Spark Executor Task 的执行和数量
基本原理 (YARN 模式)
每个 stage 会有多个 partition,每个 partition 由 Executor 的一个 Task 执行
stage 的默认 partition 数量由 spark.default.parallelism 参数决定,默认由 parent stage 决定
最大可以同时执行多少 Task,由三个参数决定
- Executor 的数量,由 spark.executor.instances 或 --num-executors 指定,默认是 1
- Executor 的核数,由 spark.executor.cores 或 --executor-cores 指定,默认是 1
- 每个 Task 需要的核数,由 spark.task.cpus 指定,默认是 1
Executor 的数量,还有 Executor 的核数,参考实际的机器数量和 CPU 数量,但可以配的比机器数和 CPU 数大
具体流程 (YARN 模式)
在 DAGScheduler 中
- 提交 Job 时执行 handleJobSubmitted 函数,handleJobSubmitted 函数调用 submitStage 函数
- submitStage 函数是一个递归函数,从最后一个 action stage 开始,不断往前寻找 parent stage,将有 parent stage 的 stage 添加到 waitingStages,直到找到第一个 stage,对其执行 submitMissingTasks 函数
- submitMissingTasks 获取 stage 的所有 partitions,为每个 partitions 创建 task,调用 taskScheduler.submitTasks 提交 stage 的所有 task
- 完成后再对相应的 waitingStages 再调用 submitStage
在 TaskSchedulerImpl 中
- submitTasks 函数添加所有 task 然后调用 backend.reviveOffers() 函数
在 CoarseGrainedSchedulerBackend 中
- reviveOffers 调用 driverEndpoint.send(ReviveOffers)

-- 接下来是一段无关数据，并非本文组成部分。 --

(* For $a\in[1,2]$ and $b>1$ define $g(a,b)=x\,x_1+y\,y_1$, where $$x=\frac{\sqrt{a^2-1}\,(a^3-8)}{a^6},\quad x_1=(\sqrt{a^2-1}-\sqrt{b^2-1})^3+a^3,\quad y=\frac{\sqrt{b^2-1}\,(b^3-8)}{b^6},\quad y_1=(\sqrt{a^2-1}-\sqrt{b^2-1})^3+b^3.$$ Then for every $a\in(1,2)$ there exists a unique $b=\hat b(a)\in(\sqrt2,5/2)$ such that $g(a,b)<0$ for $\sqrt2<b<\hat b(a)$, $g(a,\hat b(a))=0$, and $g(a,b)>0$ for $\hat b(a)<b<5/2$. *)

theory Defs
  imports Complex_Main
begin

definition g :: "real \<Rightarrow> real \<Rightarrow> real" where
  "g a b =
    (let x  = sqrt (a^2 - 1) * (a^3 - 8) / a^6;
         x1 = (sqrt (a^2 - 1) - sqrt (b^2 - 1))^3 + a^3;
         y  = sqrt (b^2 - 1) * (b^3 - 8) / b^6;
         y1 = (sqrt (a^2 - 1) - sqrt (b^2 - 1))^3 + b^3
     in x * x1 + y * y1)"

end

theory Submission
  imports Defs
begin

text \<open>
  Write \<open>leg b = sqrt (b^2 - 1)\<close>. For fixed \<open>a\<close>, the map \<open>g a\<close> is negative at \<open>sqrt 2\<close>,
  positive at \<open>5/2\<close> and strictly increasing in between, so it changes sign exactly once.
  Its \<open>b\<close>-derivative is \<open>b / leg b\<close> times a slope that, as a function of
  \<open>u = leg a - leg b\<close>, is a nonnegative term plus a cubic \<open>u^2 (c u - d) + const\<close>; on the
  admissible range \<open>|u| \<le> leg b\<close> this cubic is bounded below by its values at \<open>u = 0\<close>
  (that is \<open>a = b\<close>) and \<open>u = - leg b\<close> (that is \<open>a = 1\<close>), both of which reduce to
  polynomial inequalities in \<open>b\<close> alone. The sign at \<open>sqrt 2\<close>, where \<open>leg b = 1\<close>, is
  immediate; the sign at \<open>5/2\<close> follows from monotone interval bounds on a cover of the
  \<open>a\<close>-range.
\<close>

definition leg :: "real \<Rightarrow> real" where
  "leg b = sqrt (b^2 - 1)"

definition weight :: "real \<Rightarrow> real" where
  "weight b = leg b * (b^3 - 8) / b^6"

lemma g_eq: "g a b = weight a * ((leg a - leg b)^3 + a^3) + weight b * ((leg a - leg b)^3 + b^3)"
  by (simp add: g_def weight_def leg_def Let_def)

lemma leg_pos: "1 < b \<Longrightarrow> 0 < leg b"
  by (simp add: leg_def)

lemma leg_squared: "1 \<le> b \<Longrightarrow> (leg b)^2 = b^2 - 1"
  by (simp add: leg_def one_le_power)

lemma leg_one: "leg 1 = 0"
  by (simp add: leg_def)

lemma weight_one: "weight 1 = 0"
  by (simp add: weight_def leg_one)

lemma weight_neg:
  assumes "1 < b" and "b < 2" shows "weight b < 0"
proof -
  have "b^3 < 2^3" using assms by (intro power_strict_mono) auto
  then show ?thesis using assms leg_pos[of b] by (simp add: weight_def mult_pos_neg divide_neg_pos)
qed

lemma weight_pos:
  assumes "2 < b" shows "0 < weight b"
proof -
  have "2^3 < b^3" using assms by (intro power_strict_mono) auto
  then show ?thesis using assms leg_pos[of b] by (simp add: weight_def)
qed

lemma sqrt_two_le_bounds:
  assumes "sqrt 2 \<le> b" shows "1 < b" and "2 \<le> b^2"
proof -
  show "1 < b" using assms by (smt (verit) real_sqrt_gt_1_iff)
  show "2 \<le> b^2" using power_mono[OF assms, of 2] by simp
qed

subsection \<open>The derivative of \<open>g a\<close>\<close>

lemma leg_has_real_derivative:
  assumes "1 < b" shows "(leg has_real_derivative b / leg b) (at b)"
proof -
  have "0 < b^2 - 1" using assms by (simp add: one_less_power)
  then show ?thesis unfolding leg_def
    by (auto intro!: derivative_eq_intros simp: field_simps)
qed

definition weight_rate :: "real \<Rightarrow> real" where
  "weight_rate b = (- 2 * b^5 + 3 * b^3 + 40 * b^2 - 48) / b^8"

lemma weight_rate_eq:
  "b \<noteq> 0 \<Longrightarrow> weight_rate b = (b^3 - 8) / b^6 + (b^2 - 1) / b * (48 / b^7 - 3 / b^4)"
  unfolding weight_rate_def by (simp add: divide_simps) algebra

- Backend 的内部类 DriverEndpoint 收到后调用 makeOffers()
- makeOffers 函数 scheduler.resourceOffers(workOffers) 分配资源
- 对能分配到资源的 task 调用 launchTasks(taskDescs)
- launchTasks 发送 LaunchTask 消息给相应的 CoarseGrainedExecutorBackend
- CoarseGrainedExecutorBackend 就是真正的 Executor JVM 程序
在 TaskSchedulerImpl 中
- resourceOffers 调用 resourceOfferSingleTaskSet
- resourceOfferSingleTaskSet 判断是否有足够的 CPU 资源
在 CoarseGrainedExecutorBackend 中
- 收到 LaunchTask 后,调用 executor.launchTask 启动任务
- Executor.launchTask,调用线程池执行任务
每个 Executor 的 Task 最大并发数量,由 Executor 定义的 CPU (默认是 1) 和 Task 定义的 CPU (默认是 1) 决定
代码
// DAGScheduler.scala
private[scheduler] def handleJobSubmitted(......) {
......
submitStage(finalStage)
......
}
private def submitStage(stage: Stage) {
......
val missing = getMissingParentStages(stage).sortBy(_.id)
if (missing.isEmpty) {
logInfo("Submitting " + stage + " (" + stage.rdd + "), which has no missing parents")
submitMissingTasks(stage, jobId.get)
} else {
for (parent <- missing) {
submitStage(parent)
}
waitingStages += stage
}
......
}
private def submitMissingTasks(stage: Stage, jobId: Int) {
......
val partitionsToCompute: Seq[Int] = stage.findMissingPartitions()
val tasks: Seq[Task[_]] = try {
......
}
if (tasks.size > 0) {
logInfo(s"Submitting ${tasks.size} missing tasks from $stage (${stage.rdd}) (first 15 " +
s"tasks are for partitions ${tasks.take(15).map(_.partitionId)})")
taskScheduler.submitTasks(new TaskSet(
tasks.toArray, stage.id, stage.latestInfo.attemptNumber, jobId, properties))
} else {
......
submitWaitingChildStages(stage)
}
}
// TaskSchedulerImpl.scala
override def submitTasks(taskSet: TaskSet) {
......
backend.reviveOffers()
}
// CoarseGrainedSchedulerBackend.scala
override def reviveOffers() {
driverEndpoint.send(ReviveOffers)
}
class DriverEndpoint(override val rpcEnv: RpcEnv, sparkProperties: Seq[(String, String)]) {
private def makeOffers(executorId: String) {
// Make sure no executor is killed while some task is launching on it
val taskDescs = withLock {
// Filter out executors under killing
if (executorIsAlive(executorId)) {
val executorData = executorDataMap(executorId)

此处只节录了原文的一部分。